If you are interested in a breeder it is best to contact them early for future planned breedings.
Many times a certain breeding will have many wanting a pup from that litter, so even being put on a reserve list could be difficult. BUT some on that reserve list may back out, or the breeder decides the match isn't there....and your name is still on the breeders mind so you do end up with a pup. 
If I was interested in a breeder and wanting a pup in a years time, I'd get in touch now with them. If I know they are planning a litter with certain sire/dam and I wanted in on it, but wasn't quite ready for a pup, I'd weigh my odds and wonder if I'd regret not getting a pup from that particular breeding.


----------



## ladylaw203 (May 18, 2001)

onyx'girl said:


> If I was interested in a breeder and wanting a pup in a years time, I'd get in touch now with them. If I know they are planning a litter with certain sire/dam and I wanted in on it, but wasn't quite ready for a pup, I'd weigh my odds and wonder if I'd regret not getting a pup from that particular breeding.

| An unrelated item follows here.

(* If $\Gamma;\Sigma;\theta\vdash_{pc}e:\tau$ is derivable in the type system of $\lambda$-WHR, $\theta'$ is a state environment with $\theta'\sqsupseteq\theta$, $m\in\mathbb{N}$, and $\delta$ is a substitution with $(\delta,\theta',m)\in\mathcal{V}[\![\Gamma]\!]$, then $(\delta(e),\theta',m)\in\mathcal{E}^{pc}[\![\tau]\!]$.
   Context: **Policies.** Fix a set of actors $a$ and a set of locks $\sigma$. A lock set $\Sigma$ is a set of locks. A clause is a pair $(\Sigma \Rightarrow a)$; a policy $p$ is a set of clauses. $p \sqsubseteq q$ iff for every $(\Sigma_2\Rightarrow a)\in q$ there is $(\Sigma_1\Rightarrow a)\in p$ with $\Sigma_1\subseteq\Sigma_2$. $\bot=\{(\emptyset\Rightarrow a)\mid a \text{ an actor}\}$. $p\sqcup q=\{(\Sigma_1\cup\Sigma_2\Rightarrow a)\mid (\Sigma_1\Rightarrow a)\in p,(\Sigma_2\Rightarrow a)\in q\}$. Specialization: $p|_\Sigma=\{(\Sigma_1\setminus\Sigma\Rightarrow a)\mid(\Sigma_1\Rightarrow a)\in p\}$. A fixed function $\mathrm{LockPolicy}$ assigns a policy to each lock. **Types.** Raw types $A ::= \mathsf{unit}\mid\mathsf{nat}\mid \tau_1+\tau_2\mid\tau_1\times\tau_2\mid \mathsf{ref}\,\tau\mid \tau_1\xrightarrow{\Sigma,p}\tau_2$; labeled types $\tau ::= A^p$. For $\tau=A^p$: $\tau\sqsubseteq q$ means $p\sqsubseteq q$; $q\sqsubseteq\tau$ means $q\sqsubseteq p$; $\tau|_\Sigma = A^{p|_\Sigma}$. **Syntax.** Expressions: $x\mid ()\mid n\ (n\in\mathbb{N})\mid \lambda x.e\mid (e,e')\mid \mathsf{fst}(e)\mid\mathsf{snd}(e)\mid\mathsf{inl}(e)\mid\mathsf{inr}(e)\mid \mathsf{case}\ e\ \mathsf{of}\ \mathsf{inl}\,x\Rightarrow e'\mid\mathsf{inr}\,y\Rightarrow e''\mid e\,e'\mid \mathsf{new}(e,\tau)\mid\ !e\mid e:=e'\mid \mathsf{open}\ \sigma\ \mathsf{in}\ e\mid\mathsf{opened}\ \sigma\ \mathsf{in}\ e\mid\mathsf{close}\ \sigma\ \mathsf{in}\ e\mid\mathsf{closed}\ \sigma\ \mathsf{in}\ e\mid \mathsf{when}\ \sigma\ \mathsf{then}\ e\ \mathsf{else}\ e'\mid l$ ($l$ ranging over a countably infinite set of locations). Values: $v::=\lambda x.e\mid(v,v')\mid\mathsf{inl}(v)\mid\mathsf{inr}(v)\mid()\mid l\mid n$; $\mathcal{V}$ is the set of values. $[v/x]e$ is substitution; for a map $\delta$ from variables to values, $\delta(e)$ substitutes simultaneously. A state $S$ is a finite map from locations to pairs $(v,\tau)$; write $S(l)=v$, $\mathrm{type}(S,l)=\tau$. A state environment $\theta$ is a finite map from locations to labeled types; $\theta'\sqsupseteq\theta$ iff $\theta\subseteq\theta'$ as graphs. **Observations.** $\omega::=\varepsilon\mid \mathsf{wr}_{l,\tau}(v)\mid\mathsf{open}(\sigma)\mid\mathsf{close}(\sigma)\mid\mathsf{unopen}(\sigma)\mid\mathsf{unclose}(\sigma)$. $\mathrm{pol}(\mathsf{wr}_{l,A^p}(v))=p$; the policy of each of the four lock observations on $\sigma$ is $\mathrm{LockPolicy}(\sigma)$; $\mathrm{pol}(\varepsilon)$ is undefined. **Reduction** $e,\Sigma,S\to e',S',\omega,\Sigma'$ ($\Sigma$ = open locks, $\Sigma'$ = active lock set). Congruence rules (the premise step's $S',\omega,\Sigma'$ are propagated unchanged): reduce $e$ inside $\mathsf{new}(e,\tau)$, $!e$, $e:=e'$, $l:=e$, $e\,e'$, $(\lambda x.e)\,e$, $(e,e')$, $(v,e)$, $\mathsf{fst}(e)$, $\mathsf{snd}(e)$, $\mathsf{inl}(e)$, $\mathsf{inr}(e)$, and the scrutinee of $\mathsf{case}$, all with the same open-lock set $\Sigma$. Lock rules: $\mathsf{open}\ \sigma\ \mathsf{in}\ e,\Sigma,S\to \mathsf{opened}\ \sigma\ \mathsf{in}\ e,S,\mathsf{open}(\sigma),\Sigma$; if $e,\Sigma\cup\{\sigma\},S\to e',S',\omega,\Sigma'$ then $\mathsf{opened}\ \sigma\ \mathsf{in}\ e,\Sigma,S\to\mathsf{opened}\ \sigma\ \mathsf{in}\ e',S',\omega,\Sigma'$; $\mathsf{opened}\ \sigma\ \mathsf{in}\ v,\Sigma,S\to v,S,\mathsf{unopen}(\sigma),\Sigma$; analogously for $\mathsf{close}/\mathsf{closed}$ with $\Sigma\setminus\{\sigma\}$ and observations $\mathsf{close}(\sigma)$, $\mathsf{unclose}(\sigma)$. If $\sigma\in\Sigma$ and $e,\Sigma,S\to e'',S',\omega,\Sigma'$ then $\mathsf{when}\ \sigma\ \mathsf{then}\ e\ \mathsf{else}\ e',\Sigma,S\to\mathsf{when}\ \sigma\ \mathsf{then}\ e''\ \mathsf{else}\ e',S',\omega,\Sigma'$; if $\sigma\notin\Sigma$ and $e',\Sigma,S\to e'',S',\omega,\Sigma'$ then it steps to $\mathsf{when}\ \sigma\ \mathsf{then}\ e\ \mathsf{else}\ e''$; if $\sigma\in\Sigma$, $\mathsf{when}\ \sigma\ \mathsf{then}\ v\ \mathsf{else}\ e'\to v$; if $\sigma\notin\Sigma$, $\mathsf{when}\ \sigma\ \mathsf{then}\ e\ \mathsf{else}\ v\to v$ (both with $S$ unchanged, $\varepsilon$, active set $\Sigma$). Base rules (state unchanged unless stated, active set $\Sigma$): $!l\to v$ with $\varepsilon$ if $S(l)=v$; $\mathsf{new}(v,\tau),\Sigma,S\to l,S\cup\{l\mapsto(v,\tau)\},\mathsf{wr}_{l,\tau}(v),\Sigma$ for any $l\notin\mathrm{dom}(S)$; $l:=v,\Sigma,S\to (),S[l\mapsto(v,\tau)],\mathsf{wr}_{l,\tau}(v),\Sigma$ if $l\in\mathrm{dom}(S)$, $\mathrm{type}(S,l)=\tau$; $(\lambda x.e)\,v\to[v/x]e$, $\mathsf{fst}(v,v')\to v$, $\mathsf{snd}(v,v')\to v'$, $\mathsf{case}\ \mathsf{inl}(v)\ldots\to[v/x]e'$, $\mathsf{case}\ \mathsf{inr}(v)\ldots\to[v/y]e''$, all with $\varepsilon$. **Subtyping** $<:$: $A^p<:B^{p'}$ if $p\sqsubseteq p'$ and $A<:B$; $\mathsf{unit}<:\mathsf{unit}$; $\mathsf{nat}<:\mathsf{nat}$; $\mathsf{ref}\,\tau<:\mathsf{ref}\,\tau$; $\tau_0\times\tau_2<:\tau_1\times\tau_3$ and $\tau_0+\tau_2<:\tau_1+\tau_3$ if $\tau_0<:\tau_1,\tau_2<:\tau_3$; $\tau_1\xrightarrow{\Sigma,p}\tau_2<:\tau_0\xrightarrow{\Sigma',p'}\tau_3$ if $\tau_0<:\tau_1$, $\tau_2<:\tau_3$, $p'\sqsubseteq p$, $\Sigma\subseteq\Sigma'$. **Typing** $\Gamma;\Sigma;\theta\vdash_{pc}e:\tau$: var: $x:\tau$ if $x:\tau\in\Gamma$; $():\mathsf{unit}^\bot$; $n:\mathsf{nat}^\bot$; $l:(\mathsf{ref}\,\theta(l))^\bot$; $\lambda$: from $\Gamma,x:\tau_1;\Sigma';\theta\vdash_{pc'}e:\tau_2$ infer $\Gamma;\Sigma;\theta\vdash_{pc}\lambda x.e:(\tau_1\xrightarrow{\Sigma',pc'}\tau_2)^\bot$; open/opened: from $\Gamma;\Sigma\cup\{\sigma\};\theta\vdash_{pc}e:\tau$ and $pc\sqsubseteq\mathrm{LockPolicy}(\sigma)$ infer $\mathsf{open}\ \sigma\ \mathsf{in}\ e:\tau$ and $\mathsf{opened}\ \sigma\ \mathsf{in}\ e:\tau$ under $\Gamma;\Sigma;\theta\vdash_{pc}$; close/closed likewise with $\Sigma\setminus\{\sigma\}$; pair: $e_i:\tau_i$ gives $(e_1,e_2):(\tau_1\times\tau_2)^\bot$; fst/snd: $e:(\tau_1\times\tau_2)^p$, $p\sqsubseteq\tau_i$ gives $\mathsf{fst}(e):\tau_1$, resp. $\mathsf{snd}(e):\tau_2$; $e:\tau_1$ gives $\mathsf{inl}(e):(\tau_1+\tau_2)^\bot$, $e:\tau_2$ gives $\mathsf{inr}(e):(\tau_1+\tau_2)^\bot$; case: $e:(\tau_1+\tau_2)^p$, $p\sqsubseteq\tau$, $\Gamma,x:\tau_1;\Sigma;\theta\vdash_{pc\sqcup p}e_1:\tau$, $\Gamma,y:\tau_2;\Sigma;\theta\vdash_{pc\sqcup p}e_2:\tau$ give $\mathsf{case}\ e\ \mathsf{of}\ \mathsf{inl}\,x\Rightarrow e_1\mid\mathsf{inr}\,y\Rightarrow e_2:\tau$; sub: from $\Gamma;\Sigma;\theta\vdash_{pc'}e:\tau'$, $pc\sqsubseteq pc'$, $\tau'<:\tau$ infer $\Gamma;\Sigma;\theta\vdash_{pc}e:\tau$; app: $e_1:(\tau_1\xrightarrow{\Sigma',pc'}\tau_2)^p$, $e_2:\tau_1'$, $p\sqsubseteq\tau_2$, $pc\sqcup p\sqsubseteq pc'$, $\tau_1'<:\tau_1$, $\Sigma'\subseteq\Sigma$ give $e_1\,e_2:\tau_2$; deref: $e:(\mathsf{ref}\,\tau)^p$, $p\sqsubseteq\tau'$, $\tau<:\tau'$ give $!e:\tau'$; new: $e:\tau'$, $pc\sqsubseteq\tau$, $\tau'|_\Sigma<:\tau$ give $\mathsf{new}(e,\tau):(\mathsf{ref}\,\tau)^\bot$; assign: $e:(\mathsf{ref}\,\tau')^p$, $e':\tau$, $\tau|_\Sigma<:\tau'$, $pc\sqcup p\sqsubseteq\tau'$ give $e:=e':\mathsf{unit}^\bot$; when: $\Gamma;\Sigma\cup\{\sigma\};\theta\vdash_{pc\sqcup\mathrm{LockPolicy}(\sigma)}e_1:\tau$, $\Gamma;\Sigma;\theta\vdash_{pc\sqcup\mathrm{LockPolicy}(\sigma)}e_2:\tau$, $\mathrm{LockPolicy}(\sigma)\sqsubseteq\tau$ give $\mathsf{when}\ \sigma\ \mathsf{then}\ e_1\ \mathsf{else}\ e_2:\tau$. (All premises without explicit context use $\Gamma;\Sigma;\theta\vdash_{pc}$.) **Unary relation** (sets of triples, defined by well-founded recursion on the step index $m$). $(S,m)\triangleright\theta$ iff $\mathrm{dom}\,\theta\subseteq\mathrm{dom}\,S$ and for all $l\in\mathrm{dom}\,\theta$: $\theta(l)=\mathrm{type}(S,l)$ and $(S(l),\theta,m)\in\mathcal{V}[\![\theta(l)]\!]$. $\mathcal{V}[\![A^p]\!]=\mathcal{V}[\![A]\!]$; $\mathcal{V}[\![\mathsf{unit}]\!]=\{((),\theta,m)\}$; $\mathcal{V}[\![\mathsf{nat}]\!]=\{(n,\theta,m)\mid n\in\mathbb{N}\}$; $\mathcal{V}[\![\tau_1\times\tau_2]\!]=\{((v_1,v_2),\theta,m)\mid (v_i,\theta,m)\in\mathcal{V}[\![\tau_i]\!]\}$; $\mathcal{V}[\![\tau_1+\tau_2]\!]=\{(\mathsf{inl}(v),\theta,m)\mid(v,\theta,m)\in\mathcal{V}[\![\tau_1]\!]\}\cup\{(\mathsf{inr}(v),\theta,m)\mid(v,\theta,m)\in\mathcal{V}[\![\tau_2]\!]\}$; $\mathcal{V}[\![\mathsf{ref}\,\tau]\!]=\{(l,\theta,m)\mid\theta(l)=\tau\}$; $(\lambda x.e,\theta,m)\in\mathcal{V}[\![\tau_1\xrightarrow{\Sigma,pc}\tau_2]\!]$ iff for all $\theta'\sqsupseteq\theta$, $m'<m$, $v$ with $(v,\theta',m')\in\mathcal{V}[\![\tau_1]\!]$: $([v/x]e,\theta',m')\in\mathcal{E}^{pc}[\![\tau_2]\!]$. $\mathcal{E}^{pc}[\![\tau]\!]=\mathcal{V}[\![\tau]\!]\cup\{(e,\theta,m)\mid e\notin\mathcal{V}$ and for all $S,\theta'\sqsupseteq\theta,m'<m,e',S',\omega,\Sigma,\Sigma'$ with $(S,m')\triangleright\theta'$ and $e,\Sigma,S\to e',S',\omega,\Sigma'$: ($\omega=\varepsilon$ or $pc\sqsubseteq\mathrm{pol}(\omega)$) and there is $\theta''\sqsupseteq\theta'$ with $(S',m')\triangleright\theta''$ and $(e',\theta'',m')\in\mathcal{E}^{pc}[\![\tau]\!]\}$. Finally $(\delta,\theta,m)\in\mathcal{V}[\![\Gamma]\!]$ iff $\mathrm{dom}\,\Gamma\subseteq\mathrm{dom}\,\delta$ and $(\delta(x),\theta,m)\in\mathcal{V}[\![\Gamma(x)]\!]$ for all $x\in\mathrm{dom}\,\Gamma$. *)

theory Defs
  imports Main
begin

Good advice. I do things a little differently. I am taking reservations for my karo/gabbi litter but no deposits until the pregnancy is confirmed. In this economy I simply to not like to tie up folks money until I am certain a bitch is pregnant. Just me. I had some reservations when both of these dogs landed in the US so I had a list long before she came into heat. If you are interested in a certain litter,contact the breeder now and see what is necessary for a reservation.


----------



## juliejujubean (May 4, 2011)

Mine i got really lucky. I inquired after they were born but still got my pick because all the people who put deposits wanted a boy. Only 1 boy was born! 7 girls so i chose my girl out of the remaing 3!  could not be happier either!


----------



## robinhuerta (Apr 21, 2007)

We don't take deposits either, until pregnancy is confirmed....but, honestly prefer to wait until puppies are actually born.
There is always a couple people on a *waiting list*, some simply because of gender preference....but primarily because of "specific requirements" for their puppy.


----------